'Father of Taliban' Maulana Sami ul Haq assassinated in Rawalpindi

By Javed Khan


Maulana Sami ul Haq, chief of Jamiat Ulema-e-Islam (S), is shown in an undated photo. He was assassinated in Rawalpindi November 2. [File]

PESHAWAR -- Maulana Sami ul Haq, a top Pakistani religious leader and chief of Darul Uloom Haqqania, an Islamic seminary in Akora Khattak, was reportedly assassinated Friday (November 2) in Rawalpindi.

"Maulana Sami ul Haq was attacked with a knife that proved fatal," Sami ul Haq's son, Hamid ul Haq, who was formerly a member of the National Assembly, told Pakistan Forward. His father was lying in a pool of blood when the family members arrived home, he said.

The family had brought Sami ul Haq for treatment to Rawalpindi and were about to return to their home in Akora Khattak when the incident occurred.

Sami ul Haq, known as the "father of the Taliban", was the chief of his own political faction, Jamiat Ulema-e-Islam (S), and led the controversial Haqqania madrassa in Nowshera District, Khyber Pakhtunkhwa (KP).

The seminary was founded by his father and has thousands of students in Pakistan, Afghanistan and other countries. Some of its alumni and personal students of Sami ul Haq included senior Taliban leaders.

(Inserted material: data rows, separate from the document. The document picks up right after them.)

theorem theorem3p7p2:
  fixes X :: "'a set" and Ls :: "'a set set"
  assumes "liner X Ls"
    and "infinite X \<or> card X > 2"
  shows "(playfair X Ls \<longleftrightarrow> affine_liner X Ls \<and> regular3 X Ls \<and> long3 Ls)
       \<and> (affine_liner X Ls \<and> regular3 X Ls \<and> long3 Ls \<longleftrightarrow>
          (\<forall>L\<in>Ls. \<forall>x\<in>X - L. \<exists>!\<Lambda>. \<Lambda> \<in> Ls \<and> x \<in> \<Lambda> \<and>
              \<Lambda> \<subseteq> flat_hull X Ls (L \<union> {x}) - L))"
proof -
  interpret liner_geometry X Ls by unfold_locales (rule assms(1))
  have "triangle_playfair \<longleftrightarrow> affine_liner X Ls \<and> regular3 X Ls \<and> long3 Ls"
    using triangle_playfair_affine triangle_playfair_long3[OF _ assms(2)] triangle_playfair_regular3
      affine_regular_long3_triangle_playfair by blast
  then show ?thesis using playfair_iff_triangle_playfair triangle_playfair_iff_parallels by simp
qed

end
(* Let $(X,G)$ be a dislocation space with $X$ a reflexive Banach space, and let $(u_n)$ be a bounded sequence in $X$. Let $L\in\mathbb{N}_0$, and let sequences $(g^{(l)}_n)_n\subset G$ and elements $w^{(l)}\in X$ ($l=0,\dots,L$) satisfy $g^{(0)}_n=\mathrm{Id}_X$, $(g^{(l)}_n)^{-1}u_n\to w^{(l)}$ weakly in $X$ for $l=0,\dots,L$, and $(g^{(l)}_n)^{-1}g^{(m)}_n\rightharpoonup 0$ operator-weakly whenever $0\le l<m\le L$, as $n\to\infty$. Assume there is a sequence $(g^{(L+1)}_n)\subset G$ such that, along a subsequence, $$(g^{(L+1)}_n)^{-1}\Big(u_n-\sum_{l=0}^L g^{(l)}_nw^{(l)}\Big)\to w^{(L+1)}\neq0\quad\text{weakly in }X.$$ Then, along this subsequence, $(g^{(l)}_n)^{-1}g^{(L+1)}_n\rightharpoonup0$ operator-weakly as $n\to\infty$ for every $l=0,\dots,L$.
   Context: Dislocation space: a Banach space $X$ with a group $G\subset\mathcal{B}(X)$ (under composition) of bijective linear isometries such that (1) every $(g_n)\subset G$ with $g_n\not\rightharpoonup0$ has an operator-strongly convergent subsequence (limit in $\mathcal{B}(X)$), and (2) for every $(g_n)\subset G$ with $g_n\not\rightharpoonup0$ and every $(u_n)\subset X$ with $u_n\to0$ weakly, there is a subsequence with $g_{n_j}u_{n_j}\to0$ weakly. Here $A_n\rightharpoonup A$ (operator-weakly) means $A_nu\to Au$ weakly for all $u\in X$, and operator-strong convergence means $A_nu\to Au$ in norm for all $u$. *)

theory Defs
  imports "HOL-Analysis.Analysis"
begin

definition weak_conv :: "(nat \<Rightarrow> 'a::real_normed_vector) \<Rightarrow> 'a \<Rightarrow> bool" where
  "weak_conv xs x \<longleftrightarrow> (\<forall>f :: 'a \<Rightarrow>\<^sub>L real. (\<lambda>n. f (xs n)) \<longlonglongrightarrow> f x)"

definition op_weak_conv :: "(nat \<Rightarrow> 'a \<Rightarrow> 'a::real_normed_vector) \<Rightarrow> ('a \<Rightarrow> 'a) \<Rightarrow> bool" where
  "op_weak_conv As A \<longleftrightarrow> (\<forall>u. weak_conv (\<lambda>n. As n u) (A u))"

definition op_strong_conv :: "(nat \<Rightarrow> 'a \<Rightarrow> 'a::real_normed_vector) \<Rightarrow> ('a \<Rightarrow> 'a) \<Rightarrow> bool" where
  "op_strong_conv As A \<longleftrightarrow> (\<forall>u. (\<lambda>n. As n u) \<longlonglongrightarrow> A u)"

definition reflexive_space :: "'a::real_normed_vector itself \<Rightarrow> bool" where
  "reflexive_space TYPE('a) \<longleftrightarrow>
     (\<forall>F :: ('a \<Rightarrow>\<^sub>L real) \<Rightarrow>\<^sub>L real. \<exists>x::'a. \<forall>f :: 'a \<Rightarrow>\<^sub>L real. blinfun_apply F f = blinfun_apply f x)"

definition op_inv :: "('a::real_normed_vector \<Rightarrow>\<^sub>L 'a) \<Rightarrow> 'a \<Rightarrow> 'a" where
  "op_inv g = inv (blinfun_apply g)"

definition isometry_group :: "('a::real_normed_vector \<Rightarrow>\<^sub>L 'a) set \<Rightarrow> bool" where
  "isometry_group G \<longleftrightarrow>
     id_blinfun \<in> G \<and>
     (\<forall>g\<in>G. \<forall>h\<in>G. g o\<^sub>L h \<in> G) \<and>
     (\<forall>g\<in>G. \<exists>h\<in>G. g o\<^sub>L h = id_blinfun \<and> h o\<^sub>L g = id_blinfun) \<and>
     (\<forall>g\<in>G. bij (blinfun_apply g) \<and> (\<forall>x. norm (g x) = norm x))"

definition dislocation_space :: "('a::banach \<Rightarrow>\<^sub>L 'a) set \<Rightarrow> bool" where
  "dislocation_space G \<longleftrightarrow>
     isometry_group G \<and>
     (\<forall>gs. (\<forall>n. gs n \<in> G) \<and> \<not> op_weak_conv (\<lambda>n. blinfun_apply (gs n)) (\<lambda>_. 0) \<longrightarrow>
        (\<exists>r A. strict_mono r \<and> op_strong_conv (\<lambda>n. blinfun_apply (gs (r n))) (blinfun_apply A))) \<and>
     (\<forall>gs us. (\<forall>n. gs n \<in> G) \<and> \<not> op_weak_conv (\<lambda>n. blinfun_apply (gs n)) (\<lambda>_. 0)
        \<and> weak_conv us 0 \<longrightarrow>
        (\<exists>r. strict_mono r \<and> weak_conv (\<lambda>n. gs (r n) (us (r n))) 0))"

"Sami ul Haq was involved in resuming the process negotiations between militant groups in Afghanistan for peace in the country and had held meetings with the Afghan envoy [Ambassador to Pakistan Omar Zakhilwal] and others concerned," Iftikhar Firdous, the editor of Samaa Digital, told Pakistan Forward.

Condemnations from senior Pakistani leaders as well as calls for investigations have begun to pour in.

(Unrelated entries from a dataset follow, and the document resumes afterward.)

(* For $n\ge 4$, the dom-bondage number of the cycle $C_n$ is $B_{dom}(C_n)=3$ if $n\equiv 2\pmod 4$, and $B_{dom}(C_n)=2$ otherwise.
   Context: A dominated coloring of a graph is a proper coloring in which every color class is dominated by at least one vertex, i.e. for each color class $C$ there is a vertex adjacent to every vertex of $C$; $\chi_{dom}(G)$ is the minimum number of colors in a dominated coloring. The dom-bondage number $B_{dom}(G)$ is the minimum number of edges of $G$ whose removal changes the dominated chromatic number of $G$. *)

theory Defs
  imports Main
begin

definition simple_graph :: "'a set \<Rightarrow> 'a set set \<Rightarrow> bool" where
  "simple_graph V E \<longleftrightarrow> finite V \<and> (\<forall>e\<in>E. \<exists>u v. u \<in> V \<and> v \<in> V \<and> u \<noteq> v \<and> e = {u, v})"

definition proper_coloring :: "'a set \<Rightarrow> 'a set set \<Rightarrow> ('a \<Rightarrow> nat) \<Rightarrow> bool" where
  "proper_coloring V E c \<longleftrightarrow> (\<forall>u\<in>V. \<forall>v\<in>V. {u, v} \<in> E \<longrightarrow> c u \<noteq> c v)"

definition dominated_coloring :: "'a set \<Rightarrow> 'a set set \<Rightarrow> ('a \<Rightarrow> nat) \<Rightarrow> bool" where
  "dominated_coloring V E c \<longleftrightarrow> proper_coloring V E c \<and>
     (\<forall>i \<in> c ` V. \<exists>w\<in>V. \<forall>u\<in>V. c u = i \<longrightarrow> {u, w} \<in> E)"

definition has_dominated_coloring :: "'a set \<Rightarrow> 'a set set \<Rightarrow> bool" where
  "has_dominated_coloring V E \<longleftrightarrow> (\<exists>c. dominated_coloring V E c)"

definition chi_dom :: "'a set \<Rightarrow> 'a set set \<Rightarrow> nat" where
  "chi_dom V E = (LEAST k. \<exists>c. dominated_coloring V E c \<and> card (c ` V) = k)"

definition B_dom :: "'a set \<Rightarrow> 'a set set \<Rightarrow> nat" where
  "B_dom V E = (LEAST m. \<exists>F. F \<subseteq> E \<and> card F = m \<and> has_dominated_coloring V (E - F)
                              \<and> chi_dom V (E - F) \<noteq> chi_dom V E)"

definition cycle_edges :: "nat \<Rightarrow> nat set set" where
  "cycle_edges n = {{i, (i + 1) mod n} | i. i < n}"

end

theory Submission
  imports Defs
begin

Prime Minister Imran Khan ordered an immediate probe, according to Geo TV.

Sami ul Haq, 80, served in both the National Assembly and the Senate. He also headed the Difa-e-Pakistan, or Pakistan Defence, movement.

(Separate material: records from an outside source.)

lemma graph_domain_estimate: "\<exists>j C. 0 \<le> C \<and> (\<forall>u\<in>G. u \<in> Es j \<and> NE j u \<le> C * NG u)"
proof -
  obtain \<rho> u0 j m where \<rho>: "\<rho> > 0" and u0G: "u0 \<in> G"
    and ball: "\<And>v. v \<in> G \<Longrightarrow> NG (u0 - v) < \<rho> \<Longrightarrow> v \<in> scaled_ball_closure j m"
    using scaled_ball_closure_has_interior by blast
  interpret S: banach_subspace "Es (Suc j)" "NE (Suc j)" by (rule E.banach_subspace_step)
  obtain \<beta> where \<beta>: "\<beta> > 0" "\<forall>x\<in>E.unit_ball_closure j. NE (Suc j) x \<le> \<beta>"
    using E.unit_ball_closure_bounded by blast
  have "h \<in> Es (Suc j) \<and> NE (Suc j) h \<le> 2 * real m * \<beta>" if h: "h \<in> G" "NG h < \<rho>" for h
  proof -
    have "u0 + h \<in> scaled_ball_closure j m"
      using ball[OF G_add[OF u0G h(1)]] G.norm_minus[OF h(1)] h(2) by simp
    then obtain z1 where z1: "z1 \<in> E.unit_ball_closure j" "u0 + h = real m *\<^sub>R z1"
      unfolding scaled_ball_closure_def by blast
    obtain z2 where z2: "z2 \<in> E.unit_ball_closure j" "u0 = real m *\<^sub>R z2"
      using ball[OF u0G] \<rho> unfolding scaled_ball_closure_def by auto
    have z12: "z1 \<in> Es (Suc j)" "z2 \<in> Es (Suc j)"
      using z1(1) z2(1) E.unit_ball_closure_subset by blast+
    have h_eq: "h = real m *\<^sub>R (z1 - z2)"
      using z1(2) z2(2) by (simp add: scaleR_diff_right algebra_simps)
    have "NE (Suc j) h = real m * NE (Suc j) (z1 - z2)"
      unfolding h_eq using S.norm_scaleR[OF S.diff_mem[OF z12]] by simp
    also have "\<dots> \<le> real m * (NE (Suc j) z1 + NE (Suc j) z2)"
      by (rule mult_left_mono[OF S.norm_diff_le_add[OF z12]]) simp
    also have "\<dots> \<le> real m * (\<beta> + \<beta>)"
      using \<beta>(2) z1(1) z2(1) by (intro mult_left_mono add_mono) auto
    finally show ?thesis
      unfolding h_eq using S.scaleR_mem[OF S.diff_mem[OF z12]] by simp
  qed
  then have "\<forall>u\<in>G. u \<in> Es (Suc j) \<and> NE (Suc j) u \<le> (2 * (2 * real m * \<beta>) / \<rho>) * NG u"
    using G.norm_bound_from_ball[OF E.banach_subspace_step \<rho>] by blast
  moreover have "0 \<le> 2 * (2 * real m * \<beta>) / \<rho>" using \<beta>(1) \<rho> by simp
  ultimately show ?thesis by blast
qed

lemma bounded_graph_seq_limit:
  fixes w :: "nat \<Rightarrow> 'a"
  assumes w: "\<And>n. w n \<in> G" and bounded: "\<And>n. NG (w n) \<le> R"
    and y: "y \<in> Y" and lim_y: "(\<lambda>n. NY (T (w n) - y)) \<longlonglongrightarrow> 0"
  obtains r w0 where "strict_mono r" "w0 \<in> G" "T w0 = y" "(\<lambda>n. NG (w (r n) - w0)) \<longlonglongrightarrow> 0"
proof -
  obtain j C where C: "0 \<le> C" "\<forall>u\<in>G. u \<in> Es j \<and> NE j u \<le> C * NG u"
    using graph_domain_estimate by blast
  have wE: "w n \<in> Es j" for n
    using C(2) w by blast
  have "NE j (w n) \<le> C * R" for n
  proof -
    have "NE j (w n) \<le> C * NG (w n)" using C(2) w by blast
    also have "\<dots> \<le> C * R" by (rule mult_left_mono[OF bounded C(1)])
    finally show ?thesis .
  qed
  with wE obtain r l where r: "strict_mono r" and l: "l \<in> Es (Suc j)"
    and lim_E: "(\<lambda>n. NE (Suc j) (w (r n) - l)) \<longlonglongrightarrow> 0"
    by (rule E.bounded_seq_converging_subseq)
  have lim_X: "(\<lambda>n. NX (w (r n) - l)) \<longlonglongrightarrow> 0"
    by (rule E_limit_imp_X_limit[OF _ l lim_E]) (use wE E.subset_Suc in blast)
  have lim_Y: "(\<lambda>n. NY (T (w (r n)) - y)) \<longlonglongrightarrow> 0"
    using LIMSEQ_subseq_LIMSEQ[OF lim_y r] unfolding comp_def .
  have lX: "l \<in> X" using l E_subset_X by blast
  have Tl: "T l = y"
    by (rule closed_graph[OF _ _ lX y lim_X lim_Y]) (use w G_X G_Y in blast)+
  then have lG: "l \<in> G" using lX y by (simp add: GI)
  have "(\<lambda>n. NG (w (r n) - l)) = (\<lambda>n. NX (w (r n) - l) + NY (T (w (r n)) - y))"
    unfolding NG_def using T_diff[OF G_X[OF w] lX] Tl by simp
  then have "(\<lambda>n. NG (w (r n) - l)) \<longlonglongrightarrow> 0"
    using tendsto_add_zero[OF lim_X lim_Y] by simp
  with r lG Tl show ?thesis using that by blast
qed

definition kernel :: "'a set" where "kernel = {k\<in>G. T k = 0}"

definition dist_kernel :: "'a \<Rightarrow> real" where
  "dist_kernel u = Inf ((\<lambda>k. NG (u - k)) ` kernel)"

lemma zero_kernel: "0 \<in> kernel" unfolding kernel_def using G_zero T_zero by simp
lemma kernel_G: "k \<in> kernel \<Longrightarrow> k \<in> G" unfolding kernel_def by simp
lemma kernel_T: "k \<in> kernel \<Longrightarrow> T k = 0" unfolding kernel_def by simp
lemma kernel_add: "k \<in> kernel \<Longrightarrow> k' \<in> kernel \<Longrightarrow> k + k' \<in> kernel"
  unfolding kernel_def using G_add T_add G_X by auto
lemma kernel_scaleR: "k \<in> kernel \<Longrightarrow> c *\<^sub>R k \<in> kernel"
  unfolding kernel_def using G_scaleR T_scaleR G_X by auto

lemma bdd_below_dist_kernel: "u \<in> G \<Longrightarrow> bdd_below ((\<lambda>k. NG (u - k)) ` kernel)"
  unfolding bdd_below_def using G.norm_nonneg G_diff kernel_G by blast

lemma dist_kernel_le: "u \<in> G \<Longrightarrow> k \<in> kernel \<Longrightarrow> dist_kernel u \<le> NG (u - k)"
  unfolding dist_kernel_def by (rule cInf_lower) (auto intro: bdd_below_dist_kernel)

lemma dist_kernel_approx:
  assumes "u \<in> G" "e > 0"
  shows "\<exists>k\<in>kernel. NG (u - k) < dist_kernel u + e"
proof -
  have "Inf ((\<lambda>k. NG (u - k)) ` kernel) < dist_kernel u + e"
    unfolding dist_kernel_def using assms(2) by simp
  then show ?thesis
    using cInf_less_iff[of "(\<lambda>k. NG (u - k)) ` kernel"] zero_kernel bdd_below_dist_kernel[OF assms(1)]
    by auto
qed

lemma normalized_dist_kernel_ge_one:
  assumes u: "u \<in> G" and k: "k \<in> kernel" and k': "k' \<in> kernel" and d: "dist_kernel u > 0"
  shows "1 \<le> NG ((1 / dist_kernel u) *\<^sub>R (u - k) - k')"
proof -
  have kk': "k + dist_kernel u *\<^sub>R k' \<in> kernel" by (rule kernel_add[OF k kernel_scaleR[OF k']])
  have "(1 / dist_kernel u) *\<^sub>R (u - k) - k' = (1 / dist_kernel u) *\<^sub>R (u - (k + dist_kernel u *\<^sub>R k'))"
    using d by (simp add: algebra_simps)
  then have "NG ((1 / dist_kernel u) *\<^sub>R (u - k) - k') = NG (u - (k + dist_kernel u *\<^sub>R k')) / dist_kernel u"
    using G.norm_scaleR[OF G_diff[OF u kernel_G[OF kk']]] d by simp
  moreover have "dist_kernel u \<le> NG (u - (k + dist_kernel u *\<^sub>R k'))"
    by (rule dist_kernel_le[OF u kk'])
  ultimately show ?thesis using d by (simp add: le_divide_eq)
qed

lemma normalized_dist_kernel:
  assumes u: "u \<in> G" and d: "dist_kernel u > 0"
  obtains w where "w \<in> G" "NG w \<le> 2" "T w = (1 / dist_kernel u) *\<^sub>R T u"
    "\<And>k'. k' \<in> kernel \<Longrightarrow> 1 \<le> NG (w - k')"
proof -
  obtain k where k: "k \<in> kernel" and k_lt: "NG (u - k) < dist_kernel u + dist_kernel u"
    using dist_kernel_approx[OF u d] by blast
  define w where "w = (1 / dist_kernel u) *\<^sub>R (u - k)"
  have ukG: "u - k \<in> G" by (rule G_diff[OF u kernel_G[OF k]])
  have "NG w = NG (u - k) / dist_kernel u"
    unfolding w_def using G.norm_scaleR[OF ukG] d by simp
  also have "\<dots> \<le> 2" using k_lt d by (simp add: divide_le_eq)
  finally have "NG w \<le> 2" .
  moreover have "T w = (1 / dist_kernel u) *\<^sub>R T u"
    unfolding w_def using T_scaleR[OF G_X[OF ukG]] T_diff[OF G_X[OF u] G_X[OF kernel_G[OF k]]]
      kernel_T[OF k] by simp
  moreover have "w \<in> G" unfolding w_def by (rule G_scaleR[OF ukG])
  ultimately show ?thesis
    using that normalized_dist_kernel_ge_one[OF u k _ d] unfolding w_def by blast
qed

lemma dist_kernel_bound: "\<exists>C. \<forall>u\<in>G. dist_kernel u \<le> C * NY (T u)"
proof (rule ccontr)
  assume "\<not> ?thesis"
  then have "\<exists>u. u \<in> G \<and> real (Suc n) * NY (T u) < dist_kernel u" for n
    by (meson not_le)
  then obtain u where uG: "\<And>n. u n \<in> G" and u_lt: "\<And>n. real (Suc n) * NY (T (u n)) < dist_kernel (u n)"
    by metis
  have d: "dist_kernel (u n) > 0" for n
    using u_lt[of n] Y.norm_nonneg[OF G_Y[OF uG], of n] by (smt (verit) of_nat_0_le_iff mult_nonneg_nonneg)
  have "\<exists>w. w \<in> G \<and> NG w \<le> 2 \<and> T w = (1 / dist_kernel (u n)) *\<^sub>R T (u n) \<and>
      (\<forall>k'\<in>kernel. 1 \<le> NG (w - k'))" for n
    by (rule normalized_dist_kernel[OF uG d]) blast
  then obtain w where wG: "\<And>n. w n \<in> G" and w_bounded: "\<And>n. NG (w n) \<le> 2"
    and Tw: "\<And>n. T (w n) = (1 / dist_kernel (u n)) *\<^sub>R T (u n)"
    and far: "\<And>n k'. k' \<in> kernel \<Longrightarrow> 1 \<le> NG (w n - k')"
    by metis
  have "(\<lambda>n. NY (T (w n) - 0)) \<longlonglongrightarrow> 0"
  proof (rule tendsto_zero_squeeze)
    show "0 \<le> NY (T (w n) - 0)" for n using Y.norm_nonneg[OF G_Y[OF wG]] by simp
    show "NY (T (w n) - 0) \<le> inverse (real (Suc n))" for n
    proof -
      have "NY (T (w n) - 0) = NY (T (u n)) / dist_kernel (u n)"
        unfolding Tw using Y.norm_scaleR[OF G_Y[OF uG]] d[of n] by simp
      also have "\<dots> \<le> inverse (real (Suc n))"
        using u_lt[of n] d[of n] by (simp add: divide_le_eq field_simps)
      finally show ?thesis .
    qed
    show "(\<lambda>n. inverse (real (Suc n))) \<longlonglongrightarrow> 0" by (rule LIMSEQ_inverse_real_of_nat)
  qed
  then obtain r w0 where "strict_mono r" and w0: "w0 \<in> G" "T w0 = 0"
    and lim: "(\<lambda>n. NG (w (r n) - w0)) \<longlonglongrightarrow> 0"
    by (rule bounded_graph_seq_limit[OF wG w_bounded Y.zero_mem])
  have "w0 \<in> kernel" unfolding kernel_def using w0 by simp
  then have "1 \<le> NG (w (r n) - w0)" for n by (rule far)
  moreover obtain M where "\<And>n. n \<ge> M \<Longrightarrow> NG (w (r n) - w0) < 1"
    using tendsto_zero_eventually_less[OF lim] by (meson zero_less_one)
  ultimately show False by (meson le_refl not_le)
qed

lemma range_limit_in_range:
  fixes s :: "nat \<Rightarrow> 'a"
  assumes sE: "\<And>n. s n \<in> (\<Union>j. Es j)" and sY: "\<And>n. T (s n) \<in> Y" and y: "y \<in> Y"
    and lim_y: "(\<lambda>n. NY (T (s n) - y)) \<longlonglongrightarrow> 0"
  shows "\<exists>u\<in>(\<Union>j. Es j). T u = y"
proof -
  have sG: "s n \<in> G" for n using sE[of n] E_subset_X sY[of n] GI by blast
  obtain C where C: "\<forall>u\<in>G. dist_kernel u \<le> C * NY (T u)" using dist_kernel_bound by blast
  obtain M where M: "\<And>n. n \<ge> M \<Longrightarrow> NY (T (s n) - y) < 1"
    using tendsto_zero_eventually_less[OF lim_y] by (meson zero_less_one)
  define s' where "s' n = s (n + M)" for n
  have s'G: "s' n \<in> G" for n unfolding s'_def by (rule sG)
  have "\<exists>k\<in>kernel. NG (s' n - k) < dist_kernel (s' n) + 1" for n
    by (rule dist_kernel_approx[OF s'G]) simp
  then obtain k where k: "\<And>n. k n \<in> kernel" and k_lt: "\<And>n. NG (s' n - k n) < dist_kernel (s' n) + 1"
    by metis
  define w where "w n = s' n - k n" for n
  have wG: "w n \<in> G" for n unfolding w_def by (rule G_diff[OF s'G kernel_G[OF k]])
  have Tw: "T (w n) = T (s' n)" for n
    unfolding w_def using T_diff[OF G_X[OF s'G] G_X[OF kernel_G[OF k]]] kernel_T[OF k] by simp
  have "NG (w n) \<le> \<bar>C\<bar> * (NY y + 1) + 1" for n
  proof -
    have "NY (T (s' n)) \<le> NY y + NY (T (s' n) - y)" by (rule Y.norm_le_add_diff[OF G_Y[OF s'G] y])
    moreover have "NY (T (s' n) - y) < 1" unfolding s'_def by (rule M) simp
    ultimately have "NY (T (s' n)) \<le> NY y + 1" by simp
    then have "\<bar>C\<bar> * NY (T (s' n)) \<le> \<bar>C\<bar> * (NY y + 1)"
      by (rule mult_left_mono) simp
    moreover have "C * NY (T (s' n)) \<le> \<bar>C\<bar> * NY (T (s' n))"
      using Y.norm_nonneg[OF G_Y[OF s'G]] by (simp add: mult_right_mono)
    moreover have "dist_kernel (s' n) \<le> C * NY (T (s' n))" using C s'G by blast
    ultimately have "dist_kernel (s' n) \<le> \<bar>C\<bar> * (NY y + 1)" by linarith
    then show ?thesis using k_lt[of n] unfolding w_def by simp
  qed
  moreover have "(\<lambda>n. NY (T (w n) - y)) \<longlonglongrightarrow> 0"
    unfolding Tw s'_def using LIMSEQ_ignore_initial_segment[OF lim_y, of M] .
  ultimately obtain r w0 where "strict_mono r" "w0 \<in> G" "T w0 = y"
    and "(\<lambda>n. NG (w (r n) - w0)) \<longlonglongrightarrow> 0"
    by (rule bounded_graph_seq_limit[OF wG _ y])
  then show ?thesis using property_H G_X G_Y by blast
qed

Despite his controversial views about jihad and militancy, as well as his staunch support for the Afghan Taliban, including his close ties to group leaders who ordered attacks on civilians, Sami ul Haq was nonetheless an influential figure among many Pakistanis. Inside Pakistan, he maintained a large cadre of devoted followers, including among the country’s political class, who respected him because of his religious scholarship.